On a side note I would love to make a clone of Zombie Dust
 
Yeah, a trend, but its something that has gotten craft beer into shelves all over the country. "Hoppy" is a taste/flavor attribute that people can easily identify and talk about, so I think brewers have responded when people say they love it. It's not a "fad," like rainbow afro wigs or fish emblems on people's cars, but a trend that will rise and fall with popularity. I'm sure once the general public gets the idea of a Malty beer, that will gain in popularity too. Another example: I went to a beer tasting of 17 awful, over-spiced, Christmas ales this December. That's another trend that is getting people drinking craft beer, and one that will hopefully, like hoppy beers, eventually have people asking for flavorful, but more balanced beer in the future.
 
Sad fact is that beers like that are relatively easy to make and hide flaws well. Some sub-par brewers make popular, highly hopped IPAs... they make a pale-amber wort and throw a bucket load of hops at it, that's it. I am not saying that there aren't examples that are excellent beers brewed by skilled brewers, just that they are one of the easier styles to make without skill. You want to see how good a brewer is? Ask to taste his Pilsner.

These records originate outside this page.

lemma sum_eve_out_law: "(\<Sum>z\<in>seqs M n. eve_out_law z) = 1"
  unfolding eve_out_law_def using N_pos by (subst sum.swap) (simp add: sum_msg_eve_law)

lemma sum_joint_law_code_receiver: "(\<Sum>c\<in>seqs M n. \<Sum>y\<in>seqs M n. joint_law w c y z) = msg_eve_law w z"
  unfolding joint_law_def msg_eve_law_def
  by (intro sum.cong refl) (simp only: sum_distrib_left[symmetric] sum_rec_eve_law_seq_receiver)

definition expect ::
  "(nat \<Rightarrow> (nat \<Rightarrow> nat \<Rightarrow> 'x) \<Rightarrow> (nat \<Rightarrow> nat \<Rightarrow> 'y) \<Rightarrow> (nat \<Rightarrow> nat \<Rightarrow> 'y) \<Rightarrow> real) \<Rightarrow> real" where
  "expect F = (\<Sum>w\<in>{1..N}. \<Sum>c\<in>seqs M n. \<Sum>y\<in>seqs M n. \<Sum>z\<in>seqs M n. joint_law w c y z * F w c y z)"

lemma expect_msg_eve:
  "expect (\<lambda>w c y z. h w z) = (\<Sum>w\<in>{1..N}. \<Sum>z\<in>seqs M n. msg_eve_law w z * h w z)"
proof -
  have "(\<Sum>c\<in>seqs M n. \<Sum>y\<in>seqs M n. \<Sum>z\<in>seqs M n. joint_law w c y z * h w z)
      = (\<Sum>z\<in>seqs M n. \<Sum>c\<in>seqs M n. \<Sum>y\<in>seqs M n. joint_law w c y z * h w z)" for w
    by (subst sum.swap, rule sum.cong[OF refl], rule sum.swap)
  then show ?thesis
    unfolding expect_def by (simp add: sum_distrib_right[symmetric] sum_joint_law_code_receiver)
qed

lemma expect_const: "expect (\<lambda>w c y z. a) = a"
  unfolding expect_msg_eve
  using sum_eve_out_law unfolding eve_out_law_def by (subst sum.swap) (simp add: sum_distrib_right[symmetric])

lemma expect_add: "expect (\<lambda>w c y z. F w c y z + G w c y z) = expect F + expect G"
  unfolding expect_def by (simp add: distrib_left sum.distrib)

lemma expect_diff: "expect (\<lambda>w c y z. F w c y z - G w c y z) = expect F - expect G"
  unfolding expect_def by (simp add: right_diff_distrib sum_subtractf)

lemma expect_uminus: "expect (\<lambda>w c y z. - F w c y z) = - expect F"
  unfolding expect_def by (simp add: sum_negf)

lemma expect_mult_right: "expect (\<lambda>w c y z. F w c y z * a) = expect F * a"
  unfolding expect_def by (simp add: sum_distrib_right mult.assoc)

lemma expect_sum:
  "finite A \<Longrightarrow> expect (\<lambda>w c y z. \<Sum>k\<in>A. F k w c y z) = (\<Sum>k\<in>A. expect (F k))"
  by (induction A rule: finite_induct) (simp_all add: expect_add, simp add: expect_def)

lemma expect_mono:
  assumes "\<And>w c y z. w \<in> {1..N} \<Longrightarrow> c \<in> seqs M n \<Longrightarrow> F w c y z \<le> G w c y z"
  shows "expect F \<le> expect G"
  unfolding expect_def using assms by (intro sum_mono mult_left_mono joint_law_nonneg) auto

lemma sum_rec_outs_prod_chan: "(\<Sum>yr\<in>rec_outs K M n. prod_chan K M n W c yr z) = eve_law_seq c z"
proof -
  have "(\<Sum>yr\<in>rec_outs K M n. prod_chan K M n W c yr z)
      = (\<Sum>y\<in>seqs M n. \<Prod>j<M. \<Prod>t<n. \<Sum>ys\<in>Yr K. if ys i0 = y j t then W j (c j t) ys (z j t) else 0)"
    using sum_rec_outs_prod_receiver[OF receiver, where G = "\<lambda>j t ys. W j (c j t) ys (z j t)" and f = "\<lambda>_. 1"]
    unfolding prod_chan_def by simp
  also have "\<dots> = (\<Prod>j<M. \<Prod>t<n. \<Sum>a\<in>UNIV. \<Sum>ys\<in>Yr K. if ys i0 = a then W j (c j t) ys (z j t) else 0)"
    by (rule sum_seqs_prod)
  also have "\<dots> = eve_law_seq c z"
    unfolding eve_law_seq_def by (intro prod.cong refl) (simp add: sum_Yr_if_eq eve_law_eq_W)
  finally show ?thesis .
qed

lemma joint_WYe_eq: "joint_WYe K M n W N E w z = msg_eve_law w z"
  unfolding joint_WYe_def msg_eve_law_def sum_rec_outs_prod_chan by (simp add: sum_distrib_left)

lemma sum_prod_chan_receiver:
  fixes f :: "(nat \<Rightarrow> nat \<Rightarrow> 'y) \<Rightarrow> real"
  shows "(\<Sum>yr\<in>rec_outs K M n. \<Sum>ye\<in>seqs M n. prod_chan K M n W c yr ye * f (yr i0))
       = (\<Sum>y\<in>seqs M n. \<Sum>z\<in>seqs M n. rec_eve_law_seq c y z * f y)"
proof -
  define V where "V y j t b = (\<Sum>ys\<in>Yr K. if ys i0 = y j t then W j (c j t) ys b else 0)"
    for y :: "nat \<Rightarrow> nat \<Rightarrow> 'y" and j t b
  have "(\<Sum>yr\<in>rec_outs K M n. \<Sum>ye\<in>seqs M n. prod_chan K M n W c yr ye * f (yr i0))
      = (\<Sum>ye\<in>seqs M n. \<Sum>y\<in>seqs M n. f y * (\<Prod>j<M. \<Prod>t<n. V y j t (ye j t)))"
    unfolding prod_chan_def V_def
    by (subst sum.swap) (intro sum.cong refl sum_rec_outs_prod_receiver[OF receiver])
  also have "\<dots> = (\<Sum>y\<in>seqs M n. f y * (\<Sum>ye\<in>seqs M n. \<Prod>j<M. \<Prod>t<n. V y j t (ye j t)))"
    by (subst sum.swap) (simp add: sum_distrib_left)
  also have "\<dots> = (\<Sum>y\<in>seqs M n. f y * (\<Prod>j<M. \<Prod>t<n. \<Sum>b\<in>UNIV. V y j t b))"
    by (intro sum.cong refl arg_cong2[where f = "(*)"]) (rule sum_seqs_prod)
  also have "\<dots> = (\<Sum>y\<in>seqs M n. f y * (\<Prod>j<M. \<Prod>t<n. \<Sum>b\<in>UNIV. rec_eve_law j (c j t) (y j t) b))"
    unfolding V_def
    by (rule sum.cong[OF refl], rule arg_cong2[where f = "(*)"], rule refl, intro prod.cong refl)
       (simp add: sum_receiver_law_eq_W)
  also have "\<dots> = (\<Sum>y\<in>seqs M n. f y * (\<Sum>z\<in>seqs M n. rec_eve_law_seq c y z))"
    unfolding rec_eve_law_seq_def by (simp add: sum_seqs_prod[where F = "\<lambda>j t b. rec_eve_law j (c j t) (_ j t) b"])
  finally show ?thesis by (simp add: sum_distrib_left mult.commute)
qed

lemma err_prob_eq: "err_prob K M n W N E D i0 = expect (\<lambda>w c y z. if D i0 y \<noteq> w then 1 else 0)"
proof -
  have "err_prob K M n W N E D i0 = (\<Sum>w\<in>{1..N}. \<Sum>c\<in>seqs M n. E w c / real N *
      (\<Sum>yr\<in>rec_outs K M n. \<Sum>ye\<in>seqs M n. prod_chan K M n W c yr ye * (if D i0 (yr i0) \<noteq> w then 1 else 0)))"
    unfolding err_prob_def by (simp add: sum_distrib_left sum_divide_distrib mult.assoc)
  also have "\<dots> = (\<Sum>w\<in>{1..N}. \<Sum>c\<in>seqs M n. E w c / real N *
      (\<Sum>y\<in>seqs M n. \<Sum>z\<in>seqs M n. rec_eve_law_seq c y z * (if D i0 y \<noteq> w then 1 else 0)))"
    using sum_prod_chan_receiver[where f = "\<lambda>y. if D i0 y \<noteq> _ then 1 else 0"] by simp
  also have "\<dots> = expect (\<lambda>w c y z. if D i0 y \<noteq> w then 1 else 0)"
    unfolding expect_def joint_law_def by (simp add: sum_distrib_left mult.assoc)
  finally show ?thesis .
qed

lemma cond_ent_WYe_eq:
  "cond_ent_WYe K M n W N E = expect (\<lambda>w c y z. log 2 (eve_out_law z / msg_eve_law w z))"
  unfolding expect_msg_eve cond_ent_WYe_def Let_def joint_WYe_eq eve_out_law_def[symmetric]
  by (intro sum.cong refl) simp

definition letter_law :: "nat \<Rightarrow> 'x \<Rightarrow> 'y \<Rightarrow> 'y \<Rightarrow> real" where
  "letter_law j = joint_xyz K (avg_input_law M n N E j) (P' j) i0"

definition letter_law_xz :: "nat \<Rightarrow> 'x \<Rightarrow> 'y \<Rightarrow> real" where
  "letter_law_xz j x b = (\<Sum>a\<in>UNIV. letter_law j x a b)"

definition letter_law_yz :: "nat \<Rightarrow> 'y \<Rightarrow> 'y \<Rightarrow> real" where
  "letter_law_yz j a b = (\<Sum>x\<in>UNIV. letter_law j x a b)"

definition letter_law_z :: "nat \<Rightarrow> 'y \<Rightarrow> real" where
  "letter_law_z j b = (\<Sum>x\<in>UNIV. \<Sum>a\<in>UNIV. letter_law j x a b)"

definition info_density :: "nat \<Rightarrow> 'x \<Rightarrow> 'y \<Rightarrow> 'y \<Rightarrow> real" where
  "info_density j x a b = (if letter_law j x a b = 0 then 0
     else log 2 (letter_law j x a b * letter_law_z j b / (letter_law_xz j x b * letter_law_yz j a b)))"

lemma letter_law_eq: "letter_law j x a b = avg_input_law M n N E j x * rec_eve_law j x a b"
  unfolding letter_law_def joint_xyz_def rec_eve_law_def by simp

lemma cmi_letter_law:
  "cmi (letter_law j) = (\<Sum>x\<in>UNIV. \<Sum>a\<in>UNIV. \<Sum>b\<in>UNIV. letter_law j x a b * info_density j x a b)"
  unfolding cmi_def info_density_def letter_law_xz_def letter_law_yz_def letter_law_z_def Let_def
  by (intro sum.cong refl) auto

lemma expect_letter:
  assumes "j < M" "t < n"
  shows "expect (\<lambda>w c y z. f (c j t) (y j t) (z j t))
       = (\<Sum>x\<in>UNIV. letter_input_law M n N E j t x * (\<Sum>a\<in>UNIV. \<Sum>b\<in>UNIV. rec_eve_law j x a b * f x a b))"
proof -
  have "expect (\<lambda>w c y z. f (c j t) (y j t) (z j t)) = (\<Sum>w\<in>{1..N}. \<Sum>c\<in>seqs M n. E w c / real N *
      (\<Sum>y\<in>seqs M n. \<Sum>z\<in>seqs M n. rec_eve_law_seq c y z * f (c j t) (y j t) (z j t)))"
    unfolding expect_def joint_law_def by (simp add: sum_distrib_left mult.assoc)
  also have "\<dots> = (\<Sum>w\<in>{1..N}. \<Sum>c\<in>seqs M n. E w c / real N *
      (\<Sum>a\<in>UNIV. \<Sum>b\<in>UNIV. rec_eve_law j (c j t) a b * f (c j t) a b))"
    unfolding rec_eve_law_seq_def
    by (intro sum.cong refl arg_cong2[where f = "(*)"]
          sum_seqs_pairs_prod_letter[OF _ assms, where G = "\<lambda>j t. rec_eve_law j (c j t)" for c, simplified])
       (simp add: sum_rec_eve_law)
  also have "\<dots> = (\<Sum>x\<in>UNIV. letter_input_law M n N E j t x * (\<Sum>a\<in>UNIV. \<Sum>b\<in>UNIV. rec_eve_law j x a b * f x a b))"
    by (rule sum_letter_input_law_mult[symmetric])
  finally show ?thesis .
qed

lemma expect_info_density:
  "expect (\<lambda>w c y z. \<Sum>j<M. \<Sum>t<n. info_density j (c j t) (y j t) (z j t)) = real n * (\<Sum>j<M. cmi (letter_law j))"
proof -
  define S where "S j x = (\<Sum>a\<in>UNIV. \<Sum>b\<in>UNIV. rec_eve_law j x a b * info_density j x a b)" for j x
  have "expect (\<lambda>w c y z. \<Sum>j<M. \<Sum>t<n. info_density j (c j t) (y j t) (z j t))
      = (\<Sum>j<M. \<Sum>t<n. \<Sum>x\<in>UNIV. letter_input_law M n N E j t x * S j x)"
    unfolding expect_sum[OF finite_lessThan] S_def by (intro sum.cong refl expect_letter) auto
  also have "\<dots> = (\<Sum>j<M. \<Sum>x\<in>UNIV. (\<Sum>t<n. letter_input_law M n N E j t x) * S j x)"
    by (intro sum.cong refl) (simp add: sum.swap[of _ "{..<n}"] sum_distrib_right)
  also have "\<dots> = (\<Sum>j<M. \<Sum>x\<in>UNIV. real n * (\<Sum>a\<in>UNIV. \<Sum>b\<in>UNIV. letter_law j x a b * info_density j x a b))"
    using n_pos by (intro sum.cong refl) (simp add: avg_input_law_def letter_law_eq S_def sum_distrib_left mult.assoc)
  also have "\<dots> = real n * (\<Sum>j<M. cmi (letter_law j))"
    by (simp add: cmi_letter_law sum_distrib_left)
  finally show ?thesis .
qed

definition guess_law :: "nat \<Rightarrow> (nat \<Rightarrow> nat \<Rightarrow> 'y) \<Rightarrow> real" where
  "guess_law w y = (if D i0 y = w then 1 - \<epsilon> else \<epsilon> / real N)"

lemma guess_law_pos: "0 < guess_law w y"
  using \<epsilon>_pos \<epsilon>_less_1 N_pos unfolding guess_law_def by auto

lemma sum_guess_law_le: "y \<in> seqs M n \<Longrightarrow> (\<Sum>w\<in>{1..N}. guess_law w y) \<le> 1"
proof -
  assume "y \<in> seqs M n"
  then have D: "D i0 y \<in> {1..N}" using decoders receiver unfolding valid_decoders_def by auto
  have "(\<Sum>w\<in>{1..N}. guess_law w y)
      = (\<Sum>w\<in>{1..N}. \<epsilon> / real N + (if D i0 y = w then 1 - \<epsilon> - \<epsilon> / real N else 0))"
    unfolding guess_law_def by (intro sum.cong refl) auto
  also have "\<dots> = 1 - \<epsilon> / real N" using D N_pos by (simp add: sum.distrib sum.delta)
  finally show ?thesis using \<epsilon>_pos N_pos by simp
qed

lemma expect_neg_log_guess_law_le:
  assumes err: "err_prob K M n W N E D i0 \<le> \<epsilon>"
  shows "expect (\<lambda>w c y z. - log 2 (guess_law w y)) \<le> - log 2 (1 - \<epsilon>) - \<epsilon> * log 2 (\<epsilon> / real N)"
proof -
  have correct: "0 \<le> - log 2 (1 - \<epsilon>)" and wrong: "0 \<le> - log 2 (\<epsilon> / real N)"
    using \<epsilon>_pos \<epsilon>_less_1 N_pos by (simp_all add: divide_le_eq_1)
  have "expect (\<lambda>w c y z. - log 2 (guess_law w y))
      \<le> expect (\<lambda>w c y z. - log 2 (1 - \<epsilon>) + (if D i0 y \<noteq> w then 1 else 0) * - log 2 (\<epsilon> / real N))"
    using correct wrong by (intro expect_mono) (auto simp: guess_law_def)
  also have "\<dots> = - log 2 (1 - \<epsilon>) + err_prob K M n W N E D i0 * - log 2 (\<epsilon> / real N)"
    by (simp add: expect_diff expect_const expect_mult_right err_prob_eq)
  also have "\<dots> \<le> - log 2 (1 - \<epsilon>) + \<epsilon> * - log 2 (\<epsilon> / real N)"
    using err wrong by (intro add_left_mono mult_right_mono)
  finally show ?thesis by simp
qed

definition rec_given_eve :: "nat \<Rightarrow> 'y \<Rightarrow> 'y \<Rightarrow> real" where
  "rec_given_eve j a b = letter_law_yz j a b / letter_law_z j b"

definition rec_given_eve_seq :: "(nat \<Rightarrow> nat \<Rightarrow> 'y) \<Rightarrow> (nat \<Rightarrow> nat \<Rightarrow> 'y) \<Rightarrow> real" where
  "rec_given_eve_seq y z = (\<Prod>j<M. \<Prod>t<n. rec_given_eve j (y j t) (z j t))"

lemma letter_law_nonneg: "j < M \<Longrightarrow> 0 \<le> letter_law j x a b"
  unfolding letter_law_eq avg_input_law_def using encoder
  by (intro mult_nonneg_nonneg divide_nonneg_nonneg sum_nonneg letter_input_law_nonneg rec_eve_law_nonneg) auto

lemma rec_given_eve_nonneg: "j < M \<Longrightarrow> 0 \<le> rec_given_eve j a b"
  unfolding rec_given_eve_def letter_law_yz_def letter_law_z_def
  by (intro divide_nonneg_nonneg sum_nonneg letter_law_nonneg)

lemma sum_rec_given_eve_le: "(\<Sum>a\<in>UNIV. rec_given_eve j a b) \<le> 1"
proof -
  have "(\<Sum>a\<in>UNIV. rec_given_eve j a b) = (\<Sum>a\<in>UNIV. letter_law_yz j a b) / letter_law_z j b"
    unfolding rec_given_eve_def by (simp add: sum_divide_distrib)
  also have "(\<Sum>a\<in>UNIV. letter_law_yz j a b) = letter_law_z j b"
    unfolding letter_law_yz_def letter_law_z_def by (rule sum.swap)
  finally show ?thesis by simp
qed

lemma rec_given_eve_seq_nonneg: "0 \<le> rec_given_eve_seq y z"
  unfolding rec_given_eve_seq_def by (intro prod_nonneg rec_given_eve_nonneg) auto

Trend? I suppose so. Not saying that is a good or bad thing in itself. I say trend not fad, because I don't think it will disappear entirely, nor do I think it is necessarily invalid. As a trend I can accept it, like them or not, because I think anything that makes people excited about beer is a good thing.

For my part, I am not hugely found of the extremely bitter beers, never did it for me. I have always been more of a malt forward kind of guy, or at least balanced. I like German and Czech lagers, traditional English ales, etc.